■ **Problem description**:
Copy each line from the records below in which the word "where" is found.

■ **Dataset excerpts**:
text \<open>The step recovers the proximal point: \<open>z - \<gamma> \<nabla>e\<^sub>\<gamma>f(z) = P\<^sub>\<gamma>f(z) =: p\<close> with
  \<open>z = p + \<gamma> v\<close>, \<open>v \<in> \<partial>f(p)\<close>, and then \<open>x = p + \<mu> v\<close>.\<close>

lemma prox_eq_of_backward_step:
  fixes f :: "'a::euclidean_space \<Rightarrow> ereal"
  assumes sf\<gamma>: "standing_fact_on f \<rho> \<gamma> xb \<delta>" and sf\<mu>: "standing_fact_on f \<rho> \<mu> xb \<delta>"
    and \<gamma>: "\<gamma> > 0" "\<mu> \<noteq> \<gamma>"
    and x: "x \<in> cball xb \<delta>" and z: "z \<in> cball xb \<delta>"
    and gd: "GDERIV (\<lambda>u. real_of_ereal (moreau_env \<gamma> f u)) z :> g"
    and step: "z = x - (\<mu> - \<gamma>) *\<^sub>R g"
  shows "prox \<mu> f x = {z - (\<gamma> / (\<mu> - \<gamma>)) *\<^sub>R (x - z)}"
proof -
  define p where "p = the_elem (prox \<gamma> f z)"
  have "g = (1 / \<gamma>) *\<^sub>R (z - p)"
    using GDERIV_unique[OF gd standing_fact_moreau_env(2)[OF sf\<gamma> z]] by (simp add: p_def)
  hence g: "\<gamma> *\<^sub>R g = z - p" using \<gamma> by simp
  have "p \<in> prox \<gamma> f z" using standing_fact_prox_singleton[OF sf\<gamma> z] unfolding p_def by (metis singletonI)
  then obtain v where v: "v \<in> limiting_subdiff f p" and "z = p + \<gamma> *\<^sub>R v"
    using standing_fact_mem_prox_iff[OF sf\<gamma> z] by blast
  hence "v = g" using g \<gamma> by simp
  hence "x = p + \<mu> *\<^sub>R v" using step g by (simp add: algebra_simps)
  hence "p \<in> prox \<mu> f x" using standing_fact_mem_prox_iff[OF sf\<mu> x] v by blast
  moreover have "(\<gamma> / (\<mu> - \<gamma>)) *\<^sub>R (x - z) = \<gamma> *\<^sub>R g"
    using step \<gamma> by simp
  hence "z - (\<gamma> / (\<mu> - \<gamma>)) *\<^sub>R (x - z) = p" using g by simp
  ultimately show ?thesis using standing_fact_prox_singleton[OF sf\<mu> x] by (metis singletonD)
qed

lemma summable_sq_dist_prox_iterates:
  fixes x :: "nat \<Rightarrow> 'a::real_normed_vector"
  assumes proper: "proper_fun f" and bdd: "bounded_below_fun f"
    and lam: "\<And>k. 0 < lam k" "\<And>k. lam k \<le> \<Lambda>"
    and prox: "\<And>k. x (Suc k) \<in> prox (lam k) f (x k)"
  shows "summable (\<lambda>k. (norm (x k - x (Suc k)))\<^sup>2)"
proof -
  obtain m :: real where m: "\<And>y. ereal m \<le> f y" using bdd unfolding bounded_below_fun_def by blast
  define a where "a k = real_of_ereal (f (x (Suc k)))" for k
  have fa: "f (x (Suc k)) = ereal (a k)" for k
    using prox_value_finite[OF proper prox] proper unfolding a_def proper_fun_def
    by (cases "f (x (Suc k))") auto
  \<comment> \<open>\<open>f (x 0)\<close> may be infinite, so the telescoping starts at \<open>x 1\<close>\<close>
  have descent: "a (Suc k) + (norm (x (Suc (Suc k)) - x (Suc k)))\<^sup>2 / (2 * lam (Suc k)) \<le> a k" for k
    using prox_descent[OF prox[of "Suc k"]] by (simp add: fa)
  have "0 \<le> (norm (x (Suc (Suc k)) - x (Suc k)))\<^sup>2 / (2 * lam (Suc k))" for k
    using lam(1)[of "Suc k"] by simp
  hence dec: "a (Suc k) \<le> a k" for k using descent[of k] by (meson add_increasing2 order.trans order_refl)
  have bound: "(norm (x (Suc k) - x (Suc (Suc k))))\<^sup>2 \<le> 2 * \<Lambda> * (a k - a (Suc k))" for k
  proof -
    have "(norm (x (Suc (Suc k)) - x (Suc k)))\<^sup>2 \<le> 2 * lam (Suc k) * (a k - a (Suc k))"
      using descent[of k] lam(1)[of "Suc k"] by (simp add: field_simps)
    also have "\<dots> \<le> 2 * \<Lambda> * (a k - a (Suc k))"
      using dec[of k] lam(2)[of "Suc k"] by (intro mult_right_mono) auto
    finally show ?thesis by (simp add: norm_minus_commute)
  qed
  have "decseq a" using dec by (rule decseq_SucI)
  moreover have "m \<le> a k" for k using m[of "x (Suc k)"] by (simp add: fa)
  ultimately obtain l where "a \<longlonglongrightarrow> l" using decseq_convergent by blast
  hence "summable (\<lambda>k. 2 * \<Lambda> * (a k - a (Suc k)))"
    by (intro summable_mult telescope_summable')
  hence "summable (\<lambda>k. (norm (x (Suc k) - x (Suc (Suc k))))\<^sup>2)"
    by (rule summable_comparison_test'[where N = 0]) (use bound in auto)
  thus ?thesis by (subst summable_Suc_iff[symmetric])
qed

lemma backward_iterates_proximal:
  fixes f :: "'a::euclidean_space \<Rightarrow> ereal" and x z :: "nat \<Rightarrow> 'a"
  assumes proper: "proper_fun f" and bdd: "bounded_below_fun f"
    and crit: "0 \<in> limiting_subdiff f xb" and \<rho>: "0 < \<rho>"
    and \<gamma>: "\<And>k. 0 < gam k" and lam_gam: "\<And>k. gam k < lam k" and lam_rho: "\<And>k. lam k * \<rho> < 1"
    and fact_gam: "\<And>k. standing_fact_on f \<rho> (gam k) xb \<delta>"
    and fact_lam: "\<And>k. standing_fact_on f \<rho> (lam k) xb \<delta>"
    and cvx_lam: "\<And>k. convex_on (cball xb \<delta>) (\<lambda>x. real_of_ereal (moreau_env (lam k) f x))"
    and \<beta>: "0 \<le> \<beta>" "\<beta> < \<delta>" and x0: "x 0 \<in> cball xb \<beta>"
    and alg: "\<forall>k. x k \<in> cball xb \<beta> \<longrightarrow> z k \<in> ball xb \<delta> \<and>
        (\<exists>g. (GDERIV (\<lambda>u. real_of_ereal (moreau_env (gam k) f u)) (z k) :> g) \<and>
          z k = x k - (lam k - gam k) *\<^sub>R g) \<and>
        x (Suc k) = z k - (gam k / (lam k - gam k)) *\<^sub>R (x k - z k)"
  shows "(\<forall>k. prox (lam k) f (x k) = {x (Suc k)} \<and> x k \<in> cball xb \<beta>) \<and>
      summable (\<lambda>k. (norm (x k - x (Suc k)))\<^sup>2)"
proof -
  have prox_step: "prox (lam k) f (x k) = {x (Suc k)}" if xk: "x k \<in> cball xb \<beta>" for k
  proof -
    obtain g where "z k \<in> ball xb \<delta>"
      and "GDERIV (\<lambda>u. real_of_ereal (moreau_env (gam k) f u)) (z k) :> g"
      and "z k = x k - (lam k - gam k) *\<^sub>R g"
      and "x (Suc k) = z k - (gam k / (lam k - gam k)) *\<^sub>R (x k - z k)"
      using alg xk by blast
    moreover have "x k \<in> cball xb \<delta>" using xk \<beta> by auto
    ultimately show ?thesis
      using prox_eq_of_backward_step[OF fact_gam fact_lam \<gamma>, of k k] lam_gam[of k] by auto
  qed
  have lam_pos: "0 < lam k" for k using \<gamma>[of k] lam_gam[of k] by linarith
  have in_ball: "x k \<in> cball xb \<beta>" for k
  proof (induction k)
    case (Suc k)
    have "dist (the_elem (prox (lam k) f (x k))) xb \<le> dist (x k) xb"
      using prox_dist_centre_le[OF fact_lam cvx_lam lam_pos lam_rho crit \<beta> Suc] .
    thus ?case using prox_step[OF Suc] Suc by (simp add: dist_commute)
  qed (fact x0)
  have "summable (\<lambda>k. (norm (x k - x (Suc k)))\<^sup>2)"
  proof (rule summable_sq_dist_prox_iterates[OF proper bdd lam_pos])
    show "lam k \<le> 1 / \<rho>" for k using lam_rho[of k] \<rho> by (simp add: field_simps less_imp_le)
    show "x (Suc k) \<in> prox (lam k) f (x k)" for k using prox_step[OF in_ball] by simp
  qed
  with prox_step in_ball show ?thesis by blast
qed

theorem proposition4p1:
  fixes f :: "'a::euclidean_space \<Rightarrow> ereal"
    and \<rho> lamb \<delta> \<beta> :: real
    and xb :: 'a
    and gam lam sig :: "nat \<Rightarrow> real"
  assumes f_proper: "proper_fun f"
    and f_lsc: "lsc_fun f"
    and f_bdd: "bounded_below_fun f"
    and f_wc: "weakly_convex_on \<rho> UNIV f"
    and rho_pos: "\<rho> > 0"
    and xb_dom: "f xb < \<infinity>"
    and xb_crit: "0 \<in> limiting_subdiff f xb"
    and lamb_pos: "lamb > 0"
    and bdd_gamma: "bounded (range gam)"
    and bdd_lambda: "bounded (range lam)"
    and params: "\<And>k. lamb < 2 * gam k \<and> 2 * gam k < lam k \<and> lam k < 1 / \<rho>"
    and delta_pos: "\<delta> > 0"
    and fact_gamma: "\<And>k. standing_fact_on f \<rho> (gam k) xb \<delta>"
    and fact_lambda: "\<And>k. standing_fact_on f \<rho> (lam k) xb \<delta>"
    and env_convex_gamma: "\<And>k. convex_on (cball xb \<delta>) (\<lambda>x. real_of_ereal (moreau_env (gam k) f x))"
    and env_convex_lambda: "\<And>k. convex_on (cball xb \<delta>) (\<lambda>x. real_of_ereal (moreau_env (lam k) f x))"
    and sigma: "\<And>k. 0 < sig k \<and>
        sig k < 2 / (1 + (lam k - gam k) / gam k * (1 + 1 / (1 - gam k * \<rho>)))\<^sup>2"
    and beta_pos: "\<beta> > 0"
    and beta: "\<And>k. \<beta> < \<delta> \<and>
        \<beta> < \<delta> / sig k * (1 - sqrt (1 - 2 * sig k + (sig k)\<^sup>2 *
              (1 + (lam k - gam k) / gam k * (1 + 1 / (1 - gam k * \<rho>)))\<^sup>2))"
  shows "(\<forall>k. \<forall>x\<in>cball xb \<beta>. \<exists>z\<in>ball xb \<delta>. \<exists>g.
            (GDERIV (\<lambda>u. real_of_ereal (moreau_env (gam k) f u)) z :> g) \<and>
            z = x - (lam k - gam k) *\<^sub>R g)
       \<and> (\<forall>x z :: nat \<Rightarrow> 'a.
            x 0 \<in> cball xb \<beta> \<longrightarrow>
            (\<forall>k. x k \<in> cball xb \<beta> \<longrightarrow>
                 z k \<in> ball xb \<delta> \<and>
                 (\<exists>g. (GDERIV (\<lambda>u. real_of_ereal (moreau_env (gam k) f u)) (z k) :> g) \<and>
                      z k = x k - (lam k - gam k) *\<^sub>R g) \<and>
                 x (Suc k) = z k - (gam k / (lam k - gam k)) *\<^sub>R (x k - z k)) \<longrightarrow>
            (\<forall>k. prox (lam k) f (x k) = {x (Suc k)} \<and> x k \<in> cball xb \<beta>) \<and>
            summable (\<lambda>k. (norm (x k - x (Suc k)))\<^sup>2))"
proof -
  have \<gamma>: "0 < gam k" and T: "0 < lam k - gam k" and lam_rho: "lam k * \<rho> < 1" for k
    using params[of k] lamb_pos rho_pos by (auto simp: field_simps)
  have \<gamma>\<rho>: "gam k * \<rho> < 1" for k
    using mult_strict_right_mono[of "gam k" "lam k" \<rho>] T[of k] rho_pos lam_rho[of k] by linarith
  have "\<exists>z\<in>ball xb \<delta>. \<exists>g. (GDERIV (\<lambda>u. real_of_ereal (moreau_env (gam k) f u)) z :> g) \<and>
      z = x - (lam k - gam k) *\<^sub>R g" if "x \<in> cball xb \<beta>" for k x
    using backward_step_exists[OF fact_gamma env_convex_gamma \<gamma> \<gamma>\<rho> T xb_crit delta_pos] sigma beta that
    by blast
  moreover note backward_iterates_proximal[where gam = gam and lam = lam, OF f_proper f_bdd xb_crit
      rho_pos \<gamma> _ lam_rho fact_gamma fact_lambda env_convex_lambda _ conjunct1[OF beta]]
  moreover have "gam k < lam k" for k using T[of k] by simp
  ultimately show ?thesis using less_imp_le[OF beta_pos] by blast
qed

end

■ **Written reply**:
  define p where "p = the_elem (prox \<gamma> f z)"
  then obtain v where v: "v \<in> limiting_subdiff f p" and "z = p + \<gamma> *\<^sub>R v"
  obtain m :: real where m: "\<And>y. ereal m \<le> f y" using bdd unfolding bounded_below_fun_def by blast
  define a where "a k = real_of_ereal (f (x (Suc k)))" for k
  ultimately obtain l where "a \<longlonglongrightarrow> l" using decseq_convergent by blast
    by (rule summable_comparison_test'[where N = 0]) (use bound in auto)
    obtain g where "z k \<in> ball xb \<delta>"
  moreover note backward_iterates_proximal[where gam = gam and lam = lam, OF f_proper f_bdd xb_crit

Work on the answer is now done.